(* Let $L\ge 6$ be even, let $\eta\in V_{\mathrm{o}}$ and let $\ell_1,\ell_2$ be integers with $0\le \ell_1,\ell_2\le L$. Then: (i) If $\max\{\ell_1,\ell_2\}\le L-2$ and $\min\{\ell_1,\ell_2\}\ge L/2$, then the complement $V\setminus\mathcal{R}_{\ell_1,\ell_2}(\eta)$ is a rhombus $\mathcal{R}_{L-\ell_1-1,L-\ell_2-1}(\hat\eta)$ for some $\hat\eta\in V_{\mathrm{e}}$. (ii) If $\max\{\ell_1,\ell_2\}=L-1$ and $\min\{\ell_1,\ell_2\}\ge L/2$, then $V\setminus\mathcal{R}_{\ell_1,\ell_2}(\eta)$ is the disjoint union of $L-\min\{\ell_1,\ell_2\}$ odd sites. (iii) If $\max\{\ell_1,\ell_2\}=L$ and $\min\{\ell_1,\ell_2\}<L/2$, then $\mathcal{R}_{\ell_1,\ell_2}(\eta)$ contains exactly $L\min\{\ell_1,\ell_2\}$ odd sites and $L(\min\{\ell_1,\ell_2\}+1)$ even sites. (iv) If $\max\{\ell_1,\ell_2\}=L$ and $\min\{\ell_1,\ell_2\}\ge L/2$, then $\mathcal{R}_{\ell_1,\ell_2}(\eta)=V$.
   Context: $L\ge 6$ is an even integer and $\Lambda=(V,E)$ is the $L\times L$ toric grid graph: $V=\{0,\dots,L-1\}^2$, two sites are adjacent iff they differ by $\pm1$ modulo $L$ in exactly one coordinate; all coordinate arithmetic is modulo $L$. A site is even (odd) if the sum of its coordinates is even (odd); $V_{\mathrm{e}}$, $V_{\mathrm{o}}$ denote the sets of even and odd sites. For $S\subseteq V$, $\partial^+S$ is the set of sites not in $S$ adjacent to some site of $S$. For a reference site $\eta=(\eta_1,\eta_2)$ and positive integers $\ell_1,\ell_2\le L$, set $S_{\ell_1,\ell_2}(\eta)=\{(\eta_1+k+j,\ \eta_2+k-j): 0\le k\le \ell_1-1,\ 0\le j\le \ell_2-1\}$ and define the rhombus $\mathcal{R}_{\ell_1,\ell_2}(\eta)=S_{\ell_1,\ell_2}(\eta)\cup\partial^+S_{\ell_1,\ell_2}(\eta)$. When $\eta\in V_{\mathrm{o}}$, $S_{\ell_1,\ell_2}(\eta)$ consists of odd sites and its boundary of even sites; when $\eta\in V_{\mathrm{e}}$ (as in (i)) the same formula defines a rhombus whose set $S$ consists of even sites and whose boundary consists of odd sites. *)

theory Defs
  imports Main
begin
######
- **Work to be completed**
Return all of the entries exactly as written.

- **Written response**
(* Let $L\ge 6$ be even, let $\eta\in V_{\mathrm{o}}$ and let $\ell_1,\ell_2$ be integers with $0\le \ell_1,\ell_2\le L$. Then: (i) If $\max\{\ell_1,\ell_2\}\le L-2$ and $\min\{\ell_1,\ell_2\}\ge L/2$, then the complement $V\setminus\mathcal{R}_{\ell_1,\ell_2}(\eta)$ is a rhombus $\mathcal{R}_{L-\ell_1-1,L-\ell_2-1}(\hat\eta)$ for some $\hat\eta\in V_{\mathrm{e}}$. (ii) If $\max\{\ell_1,\ell_2\}=L-1$ and $\min\{\ell_1,\ell_2\}\ge L/2$, then $V\setminus\mathcal{R}_{\ell_1,\ell_2}(\eta)$ is the disjoint union of $L-\min\{\ell_1,\ell_2\}$ odd sites. (iii) If $\max\{\ell_1,\ell_2\}=L$ and $\min\{\ell_1,\ell_2\}<L/2$, then $\mathcal{R}_{\ell_1,\ell_2}(\eta)$ contains exactly $L\min\{\ell_1,\ell_2\}$ odd sites and $L(\min\{\ell_1,\ell_2\}+1)$ even sites. (iv) If $\max\{\ell_1,\ell_2\}=L$ and $\min\{\ell_1,\ell_2\}\ge L/2$, then $\mathcal{R}_{\ell_1,\ell_2}(\eta)=V$.
   Context: $L\ge 6$ is an even integer and $\Lambda=(V,E)$ is the $L\times L$ toric grid graph: $V=\{0,\dots,L-1\}^2$, two sites are adjacent iff they differ by $\pm1$ modulo $L$ in exactly one coordinate; all coordinate arithmetic is modulo $L$. A site is even (odd) if the sum of its coordinates is even (odd); $V_{\mathrm{e}}$, $V_{\mathrm{o}}$ denote the sets of even and odd sites. For $S\subseteq V$, $\partial^+S$ is the set of sites not in $S$ adjacent to some site of $S$. For a reference site $\eta=(\eta_1,\eta_2)$ and positive integers $\ell_1,\ell_2\le L$, set $S_{\ell_1,\ell_2}(\eta)=\{(\eta_1+k+j,\ \eta_2+k-j): 0\le k\le \ell_1-1,\ 0\le j\le \ell_2-1\}$ and define the rhombus $\mathcal{R}_{\ell_1,\ell_2}(\eta)=S_{\ell_1,\ell_2}(\eta)\cup\partial^+S_{\ell_1,\ell_2}(\eta)$. When $\eta\in V_{\mathrm{o}}$, $S_{\ell_1,\ell_2}(\eta)$ consists of odd sites and its boundary of even sites; when $\eta\in V_{\mathrm{e}}$ (as in (i)) the same formula defines a rhombus whose set $S$ consists of even sites and whose boundary consists of odd sites. *)

theory Defs
  imports Main
begin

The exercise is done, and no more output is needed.